To not only watch my thoughts, but also the shapes and patterns behind my eye balls is a trick that will be a treat if you can learn it. If you’re tripping on drugs, you could certainly close your eyes and enjoy a light show. It always baffled me that women are known to talk after sex, because after a good orgasm, if you close your eyes, endorphins release and create a colorful spectacle behind the eyes (I’ve actually told guys to be quiet after sex so I can view this). Drugs or an orgasm, of course, provide better shows than sitting around and closing your eyes trying to quiet your head to watch the light patterns of your blood vessels, but I’m being completely honest when I tell you that in a meditative state with my eyes closed, I’ve seen scenes as clear as looking at a picture.
It doesn’t last long. But when it’s there, it’s vivid and beautiful, and it doesn’t usually have to do with anything. Random. I have seen: a lakeside cabin, beaches (of course), mountains with pink painted skies, coral reefs, people, city streets, rooms from my childhood home, etc. Such images will come with eyes closed, laying in bed, sitting on a chair, floating in the the ocean. I cannot summon the images. They have no particular meaning to me. It’s more like my brain showing me a flashcard of what it can do, and then taking it away. A magic trick of the minds eye.

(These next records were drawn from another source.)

(* Let $T$ be a tree with exactly three pendant vertices $u_1,u_2,u_3$ and major vertex $m$, with $d(u_1,m)\equiv 0$, $d(u_2,m)\equiv 2$ and $d(u_3,m)\equiv 0\pmod 3$. Then there exists an eigenvector $x$ of $L(T)$ with eigenvalue $1$ such that for every $k\in\{1,2,3\}$ and every vertex $v$ on the path $P_{u_k,m}$ with $d(v,u_k)\equiv 1\pmod 3$, one has $x(v)=0$.
   Context: $L(T)=D(T)-A(T)$ is the Laplacian matrix of $T$. A pendant vertex has degree $1$; a major vertex has degree at least $3$. $P_{r,s}$ is the path in $T$ from $r$ to $s$, and $d$ denotes distance. *)

theory Defs
  imports Complex_Main "HOL-Library.FuncSet"
begin

definition simple_graph :: "'a set \<Rightarrow> ('a \<Rightarrow> 'a \<Rightarrow> bool) \<Rightarrow> bool" where
  "simple_graph V E \<longleftrightarrow> finite V \<and> (\<forall>u v. E u v \<longrightarrow> u \<in> V \<and> v \<in> V)
     \<and> (\<forall>u v. E u v \<longrightarrow> E v u) \<and> (\<forall>v. \<not> E v v)"

definition is_walk :: "('a \<Rightarrow> 'a \<Rightarrow> bool) \<Rightarrow> 'a list \<Rightarrow> bool" where
  "is_walk E p \<longleftrightarrow> p \<noteq> [] \<and> (\<forall>i. Suc i < length p \<longrightarrow> E (p ! i) (p ! Suc i))"

definition walk_between :: "('a \<Rightarrow> 'a \<Rightarrow> bool) \<Rightarrow> 'a \<Rightarrow> 'a \<Rightarrow> 'a list \<Rightarrow> bool" where
  "walk_between E u v p \<longleftrightarrow> is_walk E p \<and> hd p = u \<and> last p = v"

definition path_between :: "('a \<Rightarrow> 'a \<Rightarrow> bool) \<Rightarrow> 'a \<Rightarrow> 'a \<Rightarrow> 'a list \<Rightarrow> bool" where
  "path_between E u v p \<longleftrightarrow> walk_between E u v p \<and> distinct p"

definition connected_graph :: "'a set \<Rightarrow> ('a \<Rightarrow> 'a \<Rightarrow> bool) \<Rightarrow> bool" where
  "connected_graph V E \<longleftrightarrow> V \<noteq> {} \<and> (\<forall>u\<in>V. \<forall>v\<in>V. \<exists>p. walk_between E u v p)"

definition is_cycle :: "('a \<Rightarrow> 'a \<Rightarrow> bool) \<Rightarrow> 'a list \<Rightarrow> bool" where
  "is_cycle E c \<longleftrightarrow> length c \<ge> 3 \<and> distinct c \<and> is_walk E c \<and> E (last c) (hd c)"

definition acyclic_graph :: "('a \<Rightarrow> 'a \<Rightarrow> bool) \<Rightarrow> bool" where
  "acyclic_graph E \<longleftrightarrow> (\<nexists>c. is_cycle E c)"

definition is_tree :: "'a set \<Rightarrow> ('a \<Rightarrow> 'a \<Rightarrow> bool) \<Rightarrow> bool" where
  "is_tree V E \<longleftrightarrow> simple_graph V E \<and> connected_graph V E \<and> acyclic_graph E"

definition degree :: "'a set \<Rightarrow> ('a \<Rightarrow> 'a \<Rightarrow> bool) \<Rightarrow> 'a \<Rightarrow> nat" where
  "degree V E v = card {w \<in> V. E v w}"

No such images came to me on that beach day while dead floating in the ocean. Mostly, I was thinking how I could disappear. I’ve a month to month apartment, a job that if I quit my boss would only be annoyed that he had to go through the hiring process again, exactly four comedians who would be upset if I quit comedy, the rest either wouldn’t notice or be happy there was one less comic in the race, no debt, no loans, close friends and family, yes, but even if they don’t fully understand my distance they respect my introspective nature, so it would be some time before anyone questioned my absence. I am free. Today I can start over, as anything. Go anywhere. Go on. Quit. Move. Begin again. What a tremendous feeling, that sense of freedom. How it comforts me and brings me a relief. How I cling to it, identify with it, and feel it is necessary to not go mad with a trapped feeling.
With that freedom, a side of a debilitating loneliness.